> _Activity_
Below are entries; tally how many lines hold the string "cases" and answer with only that figure.

> _Task input_

_ _ _ _ _

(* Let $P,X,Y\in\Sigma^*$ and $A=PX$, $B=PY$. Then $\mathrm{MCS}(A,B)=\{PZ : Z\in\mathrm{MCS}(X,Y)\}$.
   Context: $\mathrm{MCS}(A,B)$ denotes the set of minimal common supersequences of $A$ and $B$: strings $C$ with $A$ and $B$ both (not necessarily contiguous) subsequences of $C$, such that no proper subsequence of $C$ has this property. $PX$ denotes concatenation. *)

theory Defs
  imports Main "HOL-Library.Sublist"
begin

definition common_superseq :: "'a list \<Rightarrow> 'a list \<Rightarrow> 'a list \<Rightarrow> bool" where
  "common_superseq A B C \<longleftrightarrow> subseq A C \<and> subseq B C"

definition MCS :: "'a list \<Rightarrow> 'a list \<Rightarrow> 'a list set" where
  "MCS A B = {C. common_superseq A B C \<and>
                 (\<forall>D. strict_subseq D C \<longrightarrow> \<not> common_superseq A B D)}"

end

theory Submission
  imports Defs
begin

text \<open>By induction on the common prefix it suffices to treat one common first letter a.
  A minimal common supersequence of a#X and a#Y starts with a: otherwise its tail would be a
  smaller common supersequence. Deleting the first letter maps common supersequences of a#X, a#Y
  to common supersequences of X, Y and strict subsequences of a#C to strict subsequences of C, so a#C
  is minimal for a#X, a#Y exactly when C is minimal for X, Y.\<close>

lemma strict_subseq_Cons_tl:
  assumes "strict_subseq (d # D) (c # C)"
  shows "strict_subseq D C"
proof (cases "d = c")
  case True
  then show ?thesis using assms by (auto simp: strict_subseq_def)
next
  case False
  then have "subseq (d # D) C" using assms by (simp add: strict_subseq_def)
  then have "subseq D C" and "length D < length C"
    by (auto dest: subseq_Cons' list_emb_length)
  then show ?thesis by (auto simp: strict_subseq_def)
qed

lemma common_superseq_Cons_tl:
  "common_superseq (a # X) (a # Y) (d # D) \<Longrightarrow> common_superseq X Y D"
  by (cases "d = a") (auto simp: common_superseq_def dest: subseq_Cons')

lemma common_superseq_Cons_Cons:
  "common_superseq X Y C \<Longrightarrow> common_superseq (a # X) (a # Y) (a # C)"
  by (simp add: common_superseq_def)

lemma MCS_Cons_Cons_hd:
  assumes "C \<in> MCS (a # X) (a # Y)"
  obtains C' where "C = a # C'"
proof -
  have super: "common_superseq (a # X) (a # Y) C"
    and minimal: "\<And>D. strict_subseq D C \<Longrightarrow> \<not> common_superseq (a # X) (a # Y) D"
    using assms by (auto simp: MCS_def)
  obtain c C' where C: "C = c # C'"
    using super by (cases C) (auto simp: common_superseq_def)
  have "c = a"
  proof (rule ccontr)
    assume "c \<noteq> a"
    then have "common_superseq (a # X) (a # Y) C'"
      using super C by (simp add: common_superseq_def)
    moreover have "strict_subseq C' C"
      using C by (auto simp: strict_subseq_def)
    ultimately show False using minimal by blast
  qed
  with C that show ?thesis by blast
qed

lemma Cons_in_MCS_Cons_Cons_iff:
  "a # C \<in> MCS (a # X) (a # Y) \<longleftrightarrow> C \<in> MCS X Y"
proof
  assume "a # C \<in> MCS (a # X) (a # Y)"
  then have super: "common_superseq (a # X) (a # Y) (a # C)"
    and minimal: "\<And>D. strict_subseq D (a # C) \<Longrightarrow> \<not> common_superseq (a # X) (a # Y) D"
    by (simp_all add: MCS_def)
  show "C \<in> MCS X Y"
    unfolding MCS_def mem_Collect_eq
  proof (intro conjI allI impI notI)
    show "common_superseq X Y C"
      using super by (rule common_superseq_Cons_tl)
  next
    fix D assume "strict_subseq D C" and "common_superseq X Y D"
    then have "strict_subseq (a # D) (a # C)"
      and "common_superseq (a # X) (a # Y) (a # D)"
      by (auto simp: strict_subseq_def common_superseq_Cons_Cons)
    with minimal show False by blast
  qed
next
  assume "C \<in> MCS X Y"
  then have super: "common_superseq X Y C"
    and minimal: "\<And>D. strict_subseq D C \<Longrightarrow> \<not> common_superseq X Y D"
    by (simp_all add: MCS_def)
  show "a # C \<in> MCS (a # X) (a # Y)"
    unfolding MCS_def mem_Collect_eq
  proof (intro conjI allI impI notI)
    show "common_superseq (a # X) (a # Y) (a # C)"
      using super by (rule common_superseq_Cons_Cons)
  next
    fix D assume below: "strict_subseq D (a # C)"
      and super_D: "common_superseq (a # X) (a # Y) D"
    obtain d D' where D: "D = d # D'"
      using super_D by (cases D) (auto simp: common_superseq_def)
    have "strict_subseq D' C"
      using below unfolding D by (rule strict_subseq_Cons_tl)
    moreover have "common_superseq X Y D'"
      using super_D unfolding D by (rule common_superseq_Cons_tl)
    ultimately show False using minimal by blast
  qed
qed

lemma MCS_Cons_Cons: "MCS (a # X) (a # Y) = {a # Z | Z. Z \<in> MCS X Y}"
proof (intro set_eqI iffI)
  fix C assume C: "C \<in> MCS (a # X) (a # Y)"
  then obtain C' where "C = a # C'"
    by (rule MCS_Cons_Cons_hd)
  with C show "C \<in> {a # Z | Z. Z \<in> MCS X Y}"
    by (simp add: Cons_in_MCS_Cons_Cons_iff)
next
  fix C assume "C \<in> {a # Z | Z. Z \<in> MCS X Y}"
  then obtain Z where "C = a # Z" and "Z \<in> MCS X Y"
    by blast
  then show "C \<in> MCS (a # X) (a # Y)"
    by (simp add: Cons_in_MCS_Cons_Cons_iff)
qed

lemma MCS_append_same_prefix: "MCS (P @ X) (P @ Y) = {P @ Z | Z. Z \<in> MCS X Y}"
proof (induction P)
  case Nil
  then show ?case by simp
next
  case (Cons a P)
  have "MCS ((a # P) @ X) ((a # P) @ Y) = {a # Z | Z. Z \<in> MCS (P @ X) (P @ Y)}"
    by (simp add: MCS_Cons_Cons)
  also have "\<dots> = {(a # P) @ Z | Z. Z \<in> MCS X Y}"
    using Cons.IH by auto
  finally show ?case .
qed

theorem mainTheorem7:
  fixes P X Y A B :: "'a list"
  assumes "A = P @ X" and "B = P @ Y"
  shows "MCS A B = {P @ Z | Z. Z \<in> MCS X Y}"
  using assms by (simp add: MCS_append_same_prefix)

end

_ _ _ _ _

> _Solved exercise_
4